Key Responsibilities:
Develop, test, and deploy scalable data pipelines using Apache Spark and Python to process large-scale data sets.
Design and implement Azure Synapse Analytics solutions for data warehousing and real-time analytics.
Manage and orchestrate containerized applications using Azure Kubernetes Service (AKS).
Work closely with DevOps teams to automate deployment processes through robust CI/CD pipelines.
Ensure performance, reliability, and security of the data platform, optimizing solutions for high availability and low latency.
Collaborate with cross-functional teams to define technical requirements and improve data architecture.
Required Skills:
Strong experience in Python for data engineering and scripting tasks.
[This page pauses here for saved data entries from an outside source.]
(*
  Let Phi = P |phi> be the measured cluster state and Psi = (U^dagger)_O Phi.  Conjugating the
  hypotheses by U turns them into the pair stabilisers X_{I_i} X_{O_i} and Z_{I_i}^dagger Z_{O_i} of
  Psi, with eigenvalues q^(-lx_i) and q^(-lz_i).  On the computational basis the Z-equations confine
  the support of Psi to k(O_i) = k(I_i) - lz_i mod d, and the X-equations shift every pair back to
  k(I_i) = 0 at the cost of the phase q^(-lx_i k(I_i)).  Hence, up to a constant alpha and the
  amplitude prod_a u_a(k_a, s_a) of the outcomes on C_M, Psi is a generalised Bell state between
  C_I and C_O, and alpha is nonzero because Phi is.
  Since S is diagonal, replacing |+> on C_I by the input state multiplies every amplitude by
  psi_in(k_I) (and by d^(n/2)); projecting C_I onto the states |x(s_I_i)> sums over k_I and leaves
  U U_Sigma psi_in on C_O, with c = alpha prod_i q^(-(lx_i + s_I_i) lz_i).
*)

theory Submission
  imports Defs
begin

section \<open>Roots of unity and residues\<close>

lemma qpow_add: "qpow d (a + b) = qpow d a * qpow d b"
  unfolding qpow_def by (simp add: cis_mult add_divide_distrib distrib_left)

lemma qpow_0 [simp]: "qpow d 0 = 1"
  unfolding qpow_def by simp

lemma qpow_neq_0 [simp]: "qpow d a \<noteq> 0"
  unfolding qpow_def by simp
Proficiency in Apache Spark for distributed data processing.
Hands-on experience with Azure Synapse Analytics for creating and managing data integration, ETL processes, and real-time analytics.
Experience on Azure Kubernetes Service (AKS) for container orchestration and management.
Experience with CI/CD pipelines and version control systems (e.g., Azure DevOps, GitHub, Jenkins).
Understanding of cloud-based architectures and deployment models.
Preferred Qualifications:
Experience with other Azure services such as Azure Data Lake, Azure Functions, and Azure Blob Storage.
Familiarity with infrastructure as code (IaC) tools like Terraform or ARM templates.
Knowledge of SQL and database performance tuning.
Strong problem-solving skills and ability to work in a collaborative team environment.
Bachelor's degree